From the first line through the line containing "(* Let $M := \langle", transcribe the records exactly and include no other lines.

* [Source data]

--- --- ---

lemma osc_partition_extend_right:
  assumes "cadlag_on a b f" "osc_partition f e a \<tau> B" "\<tau> \<in> {a..<b}" "e > 0"
  obtains d where "\<tau> < d" "d \<le> b" "osc_partition f e a d (insert d B)"
proof -
  have "(f \<longlongrightarrow> f \<tau>) (at_right \<tau>)"
    using assms(1,3) unfolding cadlag_on_def continuous_within by auto
  from tendstoD[OF this, of "e / 2"] \<open>e > 0\<close>
  obtain u where "\<tau> < u" and u: "\<And>r. \<tau> < r \<Longrightarrow> r < u \<Longrightarrow> dist (f r) (f \<tau>) < e / 2"
    unfolding eventually_at_right_field by auto
  define d where "d = min ((\<tau> + u) / 2) b"
  have "\<tau> < d" "d < u" "d \<le> b" using \<open>\<tau> < u\<close> assms(3) by (auto simp: d_def min_def)
  have near: "dist (f r) (f \<tau>) < e / 2" if "r \<in> {\<tau>..<d}" for r
    using that u[of r] \<open>d < u\<close> \<open>e > 0\<close> by (cases "r = \<tau>") auto
  have "osc_partition f e a d (insert d B)"
  proof (rule osc_partition_insert[OF assms(2) _ \<open>e > 0\<close>])
    show "norm (f r - f s) < e" if "r \<in> {\<tau>..<d}" "s \<in> {\<tau>..<d}" for r s
      using dist_triangle_half_l[OF near near] that by (simp add: dist_norm)
  qed (use \<open>\<tau> < d\<close> in simp)
  with \<open>\<tau> < d\<close> \<open>d \<le> b\<close> show thesis by (rule that)
qed
(* Let $M := \langle X \mid R\rangle$ and let $Y := \{x\in X \mid \exists\, a,b,c\in\langle X\rangle \text{ such that } (axb,c)\in R \text{ or } (c,axb)\in R\}$. If $M$ has accepted elasticity and $X \neq Y$, then $M$ is fully elastic.
   Context: For a set $X$, $\langle X\rangle$ is the free monoid on $X$ (identity $1$); $M=\langle X\mid R\rangle$ is the monoid presented by generators $X$ and relations $R\subseteq\langle X\rangle\times\langle X\rangle$. $|a|$ is word length; $a=_M b$ means equal images in $M$. $\mathsf{L}_M(a) := \{|b| : b\in\langle X\rangle,\ b=_M a\}$, $\mathcal{L}(M):=\{\mathsf{L}_M(a): a\in\langle X\rangle\}$. For $L\subseteq\mathbb{N}$, $\rho(L) := \sup(L\cap\mathbb{N}^+)/\min(L\cap\mathbb{N}^+)\in\mathbb{Q}^+\cup\{\infty\}$ if $L\cap\mathbb{N}^+\neq\emptyset$, and $\rho(L):=0$ otherwise. $\rho(M) := \sup\{\rho(L) : L\in\mathcal{L}(M)\}$. $M$ has accepted elasticity if $\rho(M) = \rho(L) < \infty$ for some $L\in\mathcal{L}(M)$. $M$ is fully elastic if for every $q\in\mathbb{Q}$ with $1<q<\rho(M)$ there is $L\in\mathcal{L}(M)$ with $\rho(L) = q$. *)

theory Defs
  imports Complex_Main "HOL-Library.Extended_Real"
begin

text \<open>The free monoid on X is modelled as lists over X (words in lists X), identity [].
  The monoid M = <X | R> is modelled by the congruence on lists X generated by R:
  two words have equal image in M iff they are related by pres_eq X R.\<close>

inductive pres_eq :: "'a set \<Rightarrow> ('a list \<times> 'a list) set \<Rightarrow> 'a list \<Rightarrow> 'a list \<Rightarrow> bool"
  for X :: "'a set" and R :: "('a list \<times> 'a list) set" where
  pe_refl: "a \<in> lists X \<Longrightarrow> pres_eq X R a a"
| pe_rel: "(u, v) \<in> R \<Longrightarrow> p \<in> lists X \<Longrightarrow> s \<in> lists X \<Longrightarrow> pres_eq X R (p @ u @ s) (p @ v @ s)"
| pe_sym: "pres_eq X R a b \<Longrightarrow> pres_eq X R b a"
| pe_trans: "pres_eq X R a b \<Longrightarrow> pres_eq X R b c \<Longrightarrow> pres_eq X R a c"
lemma core_box_mass_ge:
  assumes "1 \<le> k" "k \<le> n"
  shows "3/128 * (ln (ln (log_ratio n k)) - ln (ln (log_ratio n (Suc k))))
    \<le> core_bound n k * (real k / (50 * real n))"
proof -
  define a where "a = log_ratio n k"
  define b where "b = log_ratio n (Suc k)"
  have "2 \<le> a" "2 \<le> b" unfolding a_def b_def using assms by (auto intro: log_ratio_ge_2)
  have k: "1 \<le> real k" using assms by simp
  have "a - b = ln ((real k + 1) / real k)"
    unfolding a_def b_def log_ratio_def using assms by (simp add: ln_div)
  moreover have "ln ((real k + 1) / real k) \<le> 1 / real k"
    using ln_le_minus_one[of "(real k + 1) / real k"] k by (simp add: field_simps)
  moreover have "0 \<le> ln ((real k + 1) / real k)" using k by simp
  ultimately have "0 \<le> a - b" "a - b \<le> 1 / real k" by auto
  moreover have "1 / real k \<le> 1" using k by simp
  ultimately have "ln (ln a) - ln (ln b) \<le> 4 * (1 / real k) / (a * ln a)"
    using ln_ln_diff_le[of b a] \<open>2 \<le> a\<close> \<open>2 \<le> b\<close>
    by (smt (verit) divide_right_mono mult_nonneg_nonneg ln_ge_zero)
  hence "3/128 * (ln (ln a) - ln (ln b)) \<le> 3/128 * (4 * (1 / real k) / (a * ln a))"
    by (rule mult_left_mono) simp
  also have "\<dots> = (3/32) / (real k * (a * ln a))" by simp
  also have "\<dots> = (3/8) * real k / ((4 * real k * real k) * (a * ln a))" using k by simp
  also have "\<dots> \<le> (3/8) * real k / ((real k + 1)\<^sup>2 * (a * ln a))"
  proof -
    have "(real k + 1)\<^sup>2 \<le> (2 * real k)\<^sup>2" using k by (intro power_mono) auto
    hence "(real k + 1)\<^sup>2 \<le> 4 * real k * real k" by (simp add: power2_eq_square)
    thus ?thesis using k \<open>2 \<le> a\<close> by (intro divide_left_mono mult_right_mono mult_pos_pos) auto
  qed
  also have "\<dots> = core_bound n k * (real k / (50 * real n))"
    unfolding core_bound_def a_def using assms by (simp add: field_simps power2_eq_square)
  finally show ?thesis unfolding a_def b_def .
qed

lemma ln_ln_log_ratio_last_le:
  assumes "1 \<le> n"
  shows "ln (ln (log_ratio n (Suc n))) \<le> 25"
proof -
  define b where "b = log_ratio n (Suc n)"
  have "2 \<le> b" unfolding b_def using assms by (intro log_ratio_ge_2) auto
  hence "0 < b" "0 < ln b" by auto
  have "ln (ln b) \<le> ln b" using ln_le_minus_one[OF \<open>0 < ln b\<close>] by linarith
  also have "\<dots> \<le> b" using ln_le_minus_one[OF \<open>0 < b\<close>] by linarith
  also have "\<dots> \<le> 25 * real n / real (Suc n)"
    unfolding b_def log_ratio_def using ln_le_minus_one[of "25 * real n / real (Suc n)"] assms by simp
  also have "\<dots> \<le> 25" by (simp add: field_simps)
  finally show ?thesis unfolding b_def .
qed

lemma core_bound_nonneg: "1 \<le> k \<Longrightarrow> k \<le> n \<Longrightarrow> 0 \<le> core_bound n k"
  using log_ratio_ge_2[of k n] unfolding core_bound_def by simp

--- --- ---

* [Exercise output]
lemma osc_partition_extend_right:
  assumes "cadlag_on a b f" "osc_partition f e a \<tau> B" "\<tau> \<in> {a..<b}" "e > 0"
  obtains d where "\<tau> < d" "d \<le> b" "osc_partition f e a d (insert d B)"
proof -
  have "(f \<longlongrightarrow> f \<tau>) (at_right \<tau>)"
    using assms(1,3) unfolding cadlag_on_def continuous_within by auto
  from tendstoD[OF this, of "e / 2"] \<open>e > 0\<close>
  obtain u where "\<tau> < u" and u: "\<And>r. \<tau> < r \<Longrightarrow> r < u \<Longrightarrow> dist (f r) (f \<tau>) < e / 2"
    unfolding eventually_at_right_field by auto
  define d where "d = min ((\<tau> + u) / 2) b"
  have "\<tau> < d" "d < u" "d \<le> b" using \<open>\<tau> < u\<close> assms(3) by (auto simp: d_def min_def)
  have near: "dist (f r) (f \<tau>) < e / 2" if "r \<in> {\<tau>..<d}" for r
    using that u[of r] \<open>d < u\<close> \<open>e > 0\<close> by (cases "r = \<tau>") auto
  have "osc_partition f e a d (insert d B)"
  proof (rule osc_partition_insert[OF assms(2) _ \<open>e > 0\<close>])
    show "norm (f r - f s) < e" if "r \<in> {\<tau>..<d}" "s \<in> {\<tau>..<d}" for r s
      using dist_triangle_half_l[OF near near] that by (simp add: dist_norm)
  qed (use \<open>\<tau> < d\<close> in simp)
  with \<open>\<tau> < d\<close> \<open>d \<le> b\<close> show thesis by (rule that)
qed
(* Let $M := \langle X \mid R\rangle$ and let $Y := \{x\in X \mid \exists\, a,b,c\in\langle X\rangle \text{ such that } (axb,c)\in R \text{ or } (c,axb)\in R\}$. If $M$ has accepted elasticity and $X \neq Y$, then $M$ is fully elastic.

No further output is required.